Boris Johnson calls for scientist Tim Hunt to be reinstated, claiming it’s a scientific fact that women cry more than men
Boris Johnson has called for Tim Hunt, the scientist who resigned from his senior academic positions after making provocative comments about women at a conference last week, to be given his jobs back.
The London Mayor claims it is a “fact” that women cry more than men, and Hunt should therefore not be punished for his comments.
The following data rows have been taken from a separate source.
(* Let $n\geq 2$. For every $\sigma\in(0,1)$ there exists a Caccioppoli set $E\subset\mathbb{R}^n$ such that \[ P_s(E)<\infty\quad\forall\,s\in(0,\sigma)\qquad\text{and}\qquad P_s(E)=\infty\quad\forall\,s\in[\sigma,1). \]
   Context: A Caccioppoli set is a set of locally finite (classical) perimeter, i.e. $\chi_E\in BV_{loc}(\mathbb{R}^n)$. For $s\in(0,1)$, $P_s(E):=\int_E\int_{\mathbb{R}^n\setminus E}|x-y|^{-n-s}\,dx\,dy$ is the $s$-fractional perimeter of $E$ in $\mathbb{R}^n$. *)

theory Defs
  imports "HOL-Analysis.Analysis"
begin

definition C1c_field :: "(real^'n) set \<Rightarrow> (real^'n \<Rightarrow> real^'n) \<Rightarrow> bool" where
  "C1c_field U \<phi> \<longleftrightarrow>
     (\<exists>D. (\<forall>x. (\<phi> has_derivative D x) (at x)) \<and> (\<forall>v. continuous_on UNIV (\<lambda>x. D x v)))
     \<and> compact (closure {x. \<phi> x \<noteq> 0}) \<and> closure {x. \<phi> x \<noteq> 0} \<subseteq> U"

definition divergence :: "(real^'n \<Rightarrow> real^'n) \<Rightarrow> real^'n \<Rightarrow> real" where
  "divergence \<phi> x = (\<Sum>i\<in>UNIV. (frechet_derivative \<phi> (at x) (axis i 1)) $ i)"

text \<open>Caccioppoli set: chi_E in BV_loc, i.e. E measurable and its (distributional)
  perimeter in every ball is finite.\<close>
definition caccioppoli :: "(real^'n) set \<Rightarrow> bool" where
  "caccioppoli E \<longleftrightarrow> E \<in> sets lebesgue \<and>
     (\<forall>r::real. \<exists>B::real. \<forall>\<phi>. C1c_field (ball 0 r) \<phi> \<and> (\<forall>x. norm (\<phi> x) \<le> 1)
        \<longrightarrow> integral E (divergence \<phi>) \<le> B)"

definition frac_perimeter :: "real \<Rightarrow> (real^'n) set \<Rightarrow> ennreal" where
  "frac_perimeter s E = (\<integral>\<^sup>+ x. \<integral>\<^sup>+ y. indicator E x * indicator (- E) y *
      ennreal (norm (x - y) powr (- (real CARD('n) + s))) \<partial>lebesgue \<partial>lebesgue)"

end

theory Submission
  imports Defs
begin

text \<open>The set is a union of disjoint open cubes \<open>Q\<^sub>k\<close> of side
  \<open>r\<^sub>k = (k + 1) powr (-1 / (n - \<sigma>))\<close>, strung out along a coordinate axis.
  A cube of side \<open>r\<close> has \<open>s\<close>-perimeter at most \<open>C r^(n - s)\<close> (decompose both the kernel and
  the distance to the boundary dyadically), so \<open>P\<^sub>s(E) \<le> C \<Sum> r\<^sub>k^(n - s)\<close>, and this series converges
  exactly when \<open>s < \<sigma>\<close>. Conversely, the translate of \<open>Q\<^sub>k\<close> by its side length lies outside the set
  and within distance \<open>2 n r\<^sub>k\<close> of \<open>Q\<^sub>k\<close>, which gives \<open>P\<^sub>s(E) \<ge> c \<Sum> r\<^sub>k^(n - s) = \<infinity>\<close> for
  \<open>s \<ge> \<sigma>\<close>. Finally, a ball meets only finitely many cubes, and on a finite union of cubes the
  divergence of a test field integrates to at most the measure of the symmetric difference with
  small translates, which is linear in the translation.\<close>

section \<open>Comparison principles for the fractional perimeter\<close>

lemma frac_perimeter_lborel:
  "frac_perimeter s E = (\<integral>\<^sup>+x. \<integral>\<^sup>+y. indicator E x * indicator (- E) y *
      ennreal (norm (x - y) powr - (real CARD('n) + s)) \<partial>lborel \<partial>lborel)"
  for E :: "(real^'n) set"
  unfolding frac_perimeter_def by (simp add: nn_integral_completion)

lemma frac_perimeter_UN_le:
  fixes A :: "nat \<Rightarrow> (real^'n) set"
  assumes [measurable]: "\<And>k. A k \<in> sets borel"
  shows "frac_perimeter s (\<Union>k. A k) \<le> (\<Sum>k. frac_perimeter s (A k))"
proof -
  define K where "K x y = ennreal (norm (x - y) powr - (real CARD('n) + s))" for x y :: "real^'n"
  have [measurable]: "(\<lambda>(x, y). K x y) \<in> borel_measurable (lborel \<Otimes>\<^sub>M lborel)"
    unfolding K_def by measurable
  have pointwise: "indicator (\<Union>k. A k) x * indicator (- (\<Union>k. A k)) y * K x y
      \<le> (\<Sum>k. indicator (A k) x * indicator (- A k) y * K x y)" for x y
  proof (cases "x \<in> (\<Union>k. A k) \<and> y \<notin> (\<Union>k. A k)")
    case True
    then obtain k where k: "x \<in> A k" "y \<notin> A k" by blast
    have "(\<Sum>j\<in>{k}. indicator (A j) x * indicator (- A j) y * K x y)
        \<le> (\<Sum>j. indicator (A j) x * indicator (- A j) y * K x y)"
      by (rule sum_le_suminf) auto
    then show ?thesis using True k by simp
  qed (auto split: split_indicator)
  have "frac_perimeter s (\<Union>k. A k)
      \<le> (\<integral>\<^sup>+x. \<integral>\<^sup>+y. (\<Sum>k. indicator (A k) x * indicator (- A k) y * K x y) \<partial>lborel \<partial>lborel)"
    unfolding frac_perimeter_lborel K_def[symmetric] by (intro nn_integral_mono pointwise)
  also have "\<dots> = (\<integral>\<^sup>+x. (\<Sum>k. \<integral>\<^sup>+y. indicator (A k) x * indicator (- A k) y * K x y \<partial>lborel) \<partial>lborel)"
    by (intro nn_integral_cong nn_integral_suminf) measurable
  also have "\<dots> = (\<Sum>k. \<integral>\<^sup>+x. \<integral>\<^sup>+y. indicator (A k) x * indicator (- A k) y * K x y \<partial>lborel \<partial>lborel)"
    by (rule nn_integral_suminf) measurable
  also have "\<dots> = (\<Sum>k. frac_perimeter s (A k))"
    unfolding frac_perimeter_lborel K_def ..
  finally show ?thesis .
qed
(* Let $G=G_1\ast\cdots\ast G_k\ast F_N$ be a countable group ($F_N$ free of finite rank), $\mathcal{F}=\{[G_1],\dots,[G_k]\}$. Let $T$ be a minimal $(G,\mathcal{F})$-tree and $(T_n)_{n\in\mathbb{N}}$ a sequence of minimal $(G,\mathcal{F})$-trees converging to $T$ in the equivariant Gromov–Hausdorff topology. Let $g\in G$ and assume some power $g^p$ ($p\ge 1$) fixes a nondegenerate arc $I$ in $T$. If $g$ is hyperbolic in $T_n$ for all sufficiently large $n$, then $g$ fixes $I$.
   Context: Peripheral: conjugate into some $G_i$. $(G,\mathcal{F})$-tree: $\mathbb{R}$-tree with isometric $G$-action where every peripheral subgroup fixes a unique point; minimal: no proper nonempty invariant subtree. $g$ is hyperbolic if it fixes no point. Equivariant Gromov–Hausdorff convergence: for every finite $K\subset T$, finite $P\subset G$, $\epsilon>0$, for all large $n$ there are finite $K_n\subset T_n$ and $R\subseteq K\times K_n$ with surjective projections such that $|d_T(gx,hy)-d_{T_n}(gx',hy')|<\epsilon$ for all $(x,x'),(y,y')\in R$, $g,h\in P$. *)

theory Defs
  imports "HOL-Analysis.Analysis" "HOL-Algebra.Algebra"
begin

definition fp_factor :: "('g, 'm) monoid_scheme \<Rightarrow> nat \<Rightarrow> (nat \<Rightarrow> 'g set) \<Rightarrow> (nat \<Rightarrow> 'g) \<Rightarrow> nat \<Rightarrow> 'g set"
  where "fp_factor G k Gs xs i = (if i < k then Gs i else generate G {xs (i - k)})"

definition word_prod :: "('g, 'm) monoid_scheme \<Rightarrow> (nat \<times> 'g) list \<Rightarrow> 'g"
  where "word_prod G ws = foldr (\<lambda>p acc. snd p \<otimes>\<^bsub>G\<^esub> acc) ws \<one>\<^bsub>G\<^esub>"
Speaking to an audience of science journalists in Seoul, Hunt said: “Let me tell you about my trouble with girls. Three things happen when they are in the lab: you fall in love with them, they fall in love with you, and when you criticise them they cry.”
The resulting backlash caused the pre-eminent scientist, who won a Nobel prize for his research into cell development in the 1980s, to step down from his positions at the Royal Society and University College London.
But in an article for the Daily Telegraph, Johnson said Hunt had been “pointing out a natural phenomenon”, and that he “should be reinstated forthwith to his academic positions”.
To back up his point, he used the example of a study into crying by Professor Ad Vingerhoets of Tilburg University, which showed how women cry on average 30-64 times a year, while men cry between six and 17 times a year.
Whether you say it is a function of biology or social expectation, it is a fact that – on the whole – men and women express emotion differently. There is, in other words, a gender difference, and it should not be an offence to say that.